Stored items
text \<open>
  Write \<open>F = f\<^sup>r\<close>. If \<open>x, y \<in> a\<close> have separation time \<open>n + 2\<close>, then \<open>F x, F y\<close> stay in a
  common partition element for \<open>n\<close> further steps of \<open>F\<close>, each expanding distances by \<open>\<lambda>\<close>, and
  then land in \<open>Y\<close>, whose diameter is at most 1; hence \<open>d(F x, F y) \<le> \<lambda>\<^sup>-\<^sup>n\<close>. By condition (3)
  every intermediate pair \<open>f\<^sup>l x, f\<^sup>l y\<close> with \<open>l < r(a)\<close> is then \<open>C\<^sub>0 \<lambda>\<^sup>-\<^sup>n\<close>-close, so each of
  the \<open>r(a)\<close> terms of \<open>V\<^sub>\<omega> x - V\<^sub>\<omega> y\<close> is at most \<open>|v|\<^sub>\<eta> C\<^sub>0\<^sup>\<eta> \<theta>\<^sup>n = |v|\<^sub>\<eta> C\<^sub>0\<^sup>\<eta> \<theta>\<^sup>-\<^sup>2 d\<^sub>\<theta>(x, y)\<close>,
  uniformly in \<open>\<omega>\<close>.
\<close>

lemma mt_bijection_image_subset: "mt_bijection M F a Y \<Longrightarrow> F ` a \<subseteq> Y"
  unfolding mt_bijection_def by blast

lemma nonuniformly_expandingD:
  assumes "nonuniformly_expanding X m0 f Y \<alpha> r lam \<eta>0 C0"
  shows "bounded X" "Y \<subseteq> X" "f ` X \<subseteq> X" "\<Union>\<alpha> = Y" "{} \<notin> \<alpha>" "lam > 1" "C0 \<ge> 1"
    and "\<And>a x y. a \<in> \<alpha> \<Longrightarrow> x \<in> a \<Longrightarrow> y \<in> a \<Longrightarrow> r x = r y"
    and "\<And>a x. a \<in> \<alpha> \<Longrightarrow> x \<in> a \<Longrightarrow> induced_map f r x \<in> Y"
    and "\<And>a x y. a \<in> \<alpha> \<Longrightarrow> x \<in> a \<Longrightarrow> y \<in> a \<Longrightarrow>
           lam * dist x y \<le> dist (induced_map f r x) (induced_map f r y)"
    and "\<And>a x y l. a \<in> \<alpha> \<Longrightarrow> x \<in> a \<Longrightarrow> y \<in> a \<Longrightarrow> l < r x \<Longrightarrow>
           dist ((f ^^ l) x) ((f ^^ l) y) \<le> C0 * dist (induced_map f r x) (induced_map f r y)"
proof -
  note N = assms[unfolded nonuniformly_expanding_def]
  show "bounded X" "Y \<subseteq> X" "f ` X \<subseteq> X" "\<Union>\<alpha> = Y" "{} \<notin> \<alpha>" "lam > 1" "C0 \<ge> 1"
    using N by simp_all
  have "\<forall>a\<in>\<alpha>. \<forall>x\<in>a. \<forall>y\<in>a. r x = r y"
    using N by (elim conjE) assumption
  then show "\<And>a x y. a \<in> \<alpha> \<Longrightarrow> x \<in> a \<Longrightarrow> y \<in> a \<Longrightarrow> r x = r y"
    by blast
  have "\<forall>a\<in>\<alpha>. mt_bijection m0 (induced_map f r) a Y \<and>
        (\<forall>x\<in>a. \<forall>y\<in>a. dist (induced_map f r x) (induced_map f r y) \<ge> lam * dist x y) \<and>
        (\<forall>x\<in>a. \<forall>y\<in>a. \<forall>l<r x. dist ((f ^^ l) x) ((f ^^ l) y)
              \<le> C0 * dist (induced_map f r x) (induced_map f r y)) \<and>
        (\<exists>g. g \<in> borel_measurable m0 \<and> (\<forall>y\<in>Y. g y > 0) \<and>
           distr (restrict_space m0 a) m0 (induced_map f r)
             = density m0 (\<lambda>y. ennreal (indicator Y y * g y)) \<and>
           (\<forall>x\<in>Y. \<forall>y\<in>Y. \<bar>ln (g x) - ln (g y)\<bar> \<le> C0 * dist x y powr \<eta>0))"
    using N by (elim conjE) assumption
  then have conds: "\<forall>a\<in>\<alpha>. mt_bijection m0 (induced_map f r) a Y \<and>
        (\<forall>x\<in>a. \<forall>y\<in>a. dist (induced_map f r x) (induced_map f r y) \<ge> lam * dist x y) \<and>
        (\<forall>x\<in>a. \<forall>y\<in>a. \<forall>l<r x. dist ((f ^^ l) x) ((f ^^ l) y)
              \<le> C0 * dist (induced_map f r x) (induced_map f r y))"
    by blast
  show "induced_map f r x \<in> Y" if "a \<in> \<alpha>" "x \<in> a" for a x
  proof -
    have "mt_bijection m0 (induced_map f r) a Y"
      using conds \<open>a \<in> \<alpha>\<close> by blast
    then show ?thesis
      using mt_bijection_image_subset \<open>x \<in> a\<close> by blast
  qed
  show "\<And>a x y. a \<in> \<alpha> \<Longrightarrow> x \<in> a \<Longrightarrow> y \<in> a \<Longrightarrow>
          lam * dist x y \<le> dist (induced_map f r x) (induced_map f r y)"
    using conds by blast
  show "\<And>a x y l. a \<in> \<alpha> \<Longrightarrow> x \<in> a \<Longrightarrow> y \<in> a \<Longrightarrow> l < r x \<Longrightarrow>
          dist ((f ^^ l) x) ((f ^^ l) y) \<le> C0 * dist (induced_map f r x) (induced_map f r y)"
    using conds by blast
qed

§ **What you should do**: For every line above that holds the word "omega", report the whole line.

§ **The answer**:
  the \<open>r(a)\<close> terms of \<open>V\<^sub>\<omega> x - V\<^sub>\<omega> y\<close> is at most \<open>|v|\<^sub>\<eta> C\<^sub>0\<^sup>\<eta> \<theta>\<^sup>n = |v|\<^sub>\<eta> C\<^sub>0\<^sup>\<eta> \<theta>\<^sup>-\<^sup>2 d\<^sub>\<theta>(x, y)\<close>,
  uniformly in \<open>\<omega>\<close>.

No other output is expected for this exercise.